Also, annually, the leadership development and compensation committee, together with its independent compensation consultant, performs a compensation risk analysis of our compensation programs. In addition, the chair of our leadership development and compensation committee reports to, and discusses compensation risk issues with, the full Board of Directors.

Stock Ownership Guidelines

We also believe that our executives’ significant equity ownership in our Company aligns their long-term interests with those of our stockholders. Our Board of Directors has adopted stock ownership guidelines for our executive officers at the level of Executive Vice President or higher. Our Executive Chairman and Chief Executive Officer are each required to own Class A Common Stock equivalents with an aggregate market value equal to six times his annual rate of salary.
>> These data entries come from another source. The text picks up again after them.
lemma recoversI_null_space_property:
  fixes A :: "complex mat"
  assumes A: "A \<in> carrier_mat m n" and p: "0 \<le> p" "p \<le> 1"
    and nsp: "\<And>z S. z \<in> carrier_vec n \<Longrightarrow> A *\<^sub>v z = 0\<^sub>v m \<Longrightarrow> z \<noteq> 0\<^sub>v n \<Longrightarrow>
      S \<subseteq> {..<n} \<Longrightarrow> card S \<le> k \<Longrightarrow>
      (\<Sum>i\<in>S. cmod (z $ i) powr p) < (\<Sum>i\<in>{..<n} - S. cmod (z $ i) powr p)"
  shows "recovers p A k"
  unfolding recovers_def
proof (intro ballI impI)
  fix x y :: "complex vec"
  assume x: "x \<in> carrier_vec (dim_col A)" "nnz x \<le> k" and y: "y \<in> carrier_vec (dim_col A)"
    and Ay: "A *\<^sub>v y = A *\<^sub>v x" and "y \<noteq> x"
  define z where "z = y - x"
  define S where "S = {i. i < n \<and> x $ i \<noteq> 0}"
  have x_n: "x \<in> carrier_vec n" and y_n: "y \<in> carrier_vec n"
    using x y A by auto
  then have "z \<in> carrier_vec n"
    unfolding z_def by simp
  moreover have "A *\<^sub>v z = 0\<^sub>v m"
    unfolding z_def using A x y Ay by (simp add: mult_minus_distrib_mat_vec)
  moreover have "z \<noteq> 0\<^sub>v n"
  proof
    assume "z = 0\<^sub>v n"
    have "y = x"
    proof (rule eq_vecI)
      fix i assume "i < dim_vec x"
      then show "y $ i = x $ i"
        using arg_cong[OF \<open>z = 0\<^sub>v n\<close>, of "\<lambda>v. v $ i"] x y A unfolding z_def by auto
    qed (use x y in auto)
    with \<open>y \<noteq> x\<close> show False ..
  qed
  moreover have "S \<subseteq> {..<n}" "card S \<le> k"
    using x A unfolding S_def nnz_def by auto
  ultimately have less: "(\<Sum>i\<in>S. cmod (z $ i) powr p) < (\<Sum>i\<in>{..<n} - S. cmod (z $ i) powr p)"
    by (rule nsp)
  have y_split: "y $ i = x $ i + z $ i" if "i < n" for i
    unfolding z_def using that x_n y_n by simp
  have "vec_powr_sum p x = (\<Sum>i\<in>S. cmod (x $ i) powr p)"
    using \<open>S \<subseteq> {..<n}\<close> by (intro vec_powr_sum_eq_sum_support[OF x_n]) (auto simp: S_def)
  also have "\<dots> \<le> (\<Sum>i\<in>S. cmod (y $ i) powr p + cmod (z $ i) powr p)"
  proof (rule sum_mono)
    fix i assume "i \<in> S"
    then have "x $ i = y $ i - z $ i"
      using \<open>S \<subseteq> {..<n}\<close> y_split by force
    then have "cmod (x $ i) \<le> cmod (y $ i) + cmod (z $ i)"
      using norm_triangle_ineq4[of "y $ i" "z $ i"] by simp
    then have "cmod (x $ i) powr p \<le> (cmod (y $ i) + cmod (z $ i)) powr p"
      using p by (intro powr_mono2) auto
    also have "\<dots> \<le> cmod (y $ i) powr p + cmod (z $ i) powr p"
      using p by (intro powr_add_le_add_powr) auto
    finally show "cmod (x $ i) powr p \<le> cmod (y $ i) powr p + cmod (z $ i) powr p" .
  qed
  also have "\<dots> < (\<Sum>i\<in>S. cmod (y $ i) powr p) + (\<Sum>i\<in>{..<n} - S. cmod (z $ i) powr p)"
    using less by (simp add: sum.distrib)
  also have "(\<Sum>i\<in>{..<n} - S. cmod (z $ i) powr p) = (\<Sum>i\<in>{..<n} - S. cmod (y $ i) powr p)"
    using y_split by (intro sum.cong) (auto simp: S_def)
  also have "(\<Sum>i\<in>S. cmod (y $ i) powr p) + \<dots> = vec_powr_sum p y"
    unfolding vec_powr_sum_def using y_n \<open>S \<subseteq> {..<n}\<close>
    by (simp add: sum.subset_diff[of S "{..<n}"])
  finally show "pnorm p x < pnorm p y"
    using pnorm_less_iff_vec_powr_sum_less[OF p(1)] by simp
qed

lemma recovers_exponent_mono:
  fixes A :: "complex mat"
  assumes A: "A \<in> carrier_mat m n" and rec: "recovers p0 A k"
    and p: "0 \<le> p" "p \<le> p0" "p \<le> 1"
  shows "recovers p A k"
proof (rule recoversI_null_space_property[OF A p(1,3)])
  fix z :: "complex vec" and S
  assume z: "z \<in> carrier_vec n" "A *\<^sub>v z = 0\<^sub>v m" "z \<noteq> 0\<^sub>v n" and S: "S \<subseteq> {..<n}" "card S \<le> k"
  have "0 \<le> p0" using p by simp
  show "(\<Sum>i\<in>S. cmod (z $ i) powr p) < (\<Sum>i\<in>{..<n} - S. cmod (z $ i) powr p)"
    using null_space_property_powr_mono[OF finite_lessThan _ p(1,2)
        recovers_null_space_property[OF A rec \<open>0 \<le> p0\<close> z] S]
    by simp
qed

lemma Ginv_set_col:
  assumes "A \<in> carrier_mat m n" "X \<in> Ginv_set A" "j < m"
  shows "A *\<^sub>v col X j = unit_vec m j"
  using assms col_mult2[of A m n X m j] unfolding Ginv_set_def by auto

lemma colnorm_less:
  assumes "X \<in> carrier_mat n m" "Y \<in> carrier_mat n m" "0 < q"
    and le: "\<And>j. j < m \<Longrightarrow> pnorm p (col X j) \<le> pnorm p (col Y j)"
    and less: "j0 < m" "pnorm p (col X j0) < pnorm p (col Y j0)"
  shows "colnorm p q X < colnorm p q Y"
proof -
  have "(\<Sum>j<m. pnorm p (col X j) powr q) < (\<Sum>j<m. pnorm p (col Y j) powr q)"
  proof (rule sum_strict_mono_ex1)
    show "\<forall>j\<in>{..<m}. pnorm p (col X j) powr q \<le> pnorm p (col Y j) powr q"
      using le \<open>0 < q\<close> pnorm_nonneg by (auto intro: powr_mono2)
    show "\<exists>j\<in>{..<m}. pnorm p (col X j) powr q < pnorm p (col Y j) powr q"
      using less \<open>0 < q\<close> pnorm_nonneg by (auto intro: powr_less_mono2)
  qed simp
  then have "(\<Sum>j<m. pnorm p (col X j) powr q) powr (1 / q) < (\<Sum>j<m. pnorm p (col Y j) powr q) powr (1 / q)"
    using \<open>0 < q\<close> by (intro powr_less_mono2) (auto intro!: sum_nonneg)
  then show ?thesis
    unfolding colnorm_def using assms by simp
qed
As shown in the table below, both Mr. Plueger and Mr. Udvar-Házy beneficially own shares of our Class A Common Stock that far exceed their ownership requirements.

 

   

Target Ownership

 

         

Actual Ownership

 

 
   

Multiple of Base
Salary

 

   

Multiple
Expressed in
Dollars

 

         

Multiple of Base
Salary(1)

 

   

Value of Shares
Held by Executive(2)

 

 

John L. Plueger, Chief Executive Officer

    6x       6,000,000         30x     $ 29,534,812  

Steven Udvar-Házy, Executive Chairman

    6x       10,800,000               115x     $ 207,295,839  

 

(1)

Based on 2021 base salary at December 31, 2021.

(2)

Based on the closing price of the Company’s Class A Common Stock on March 8, 2022. Includes Class A Common Stock equivalents held by the applicable officer as of March 8, 2022 as calculated under our stock ownership guidelines.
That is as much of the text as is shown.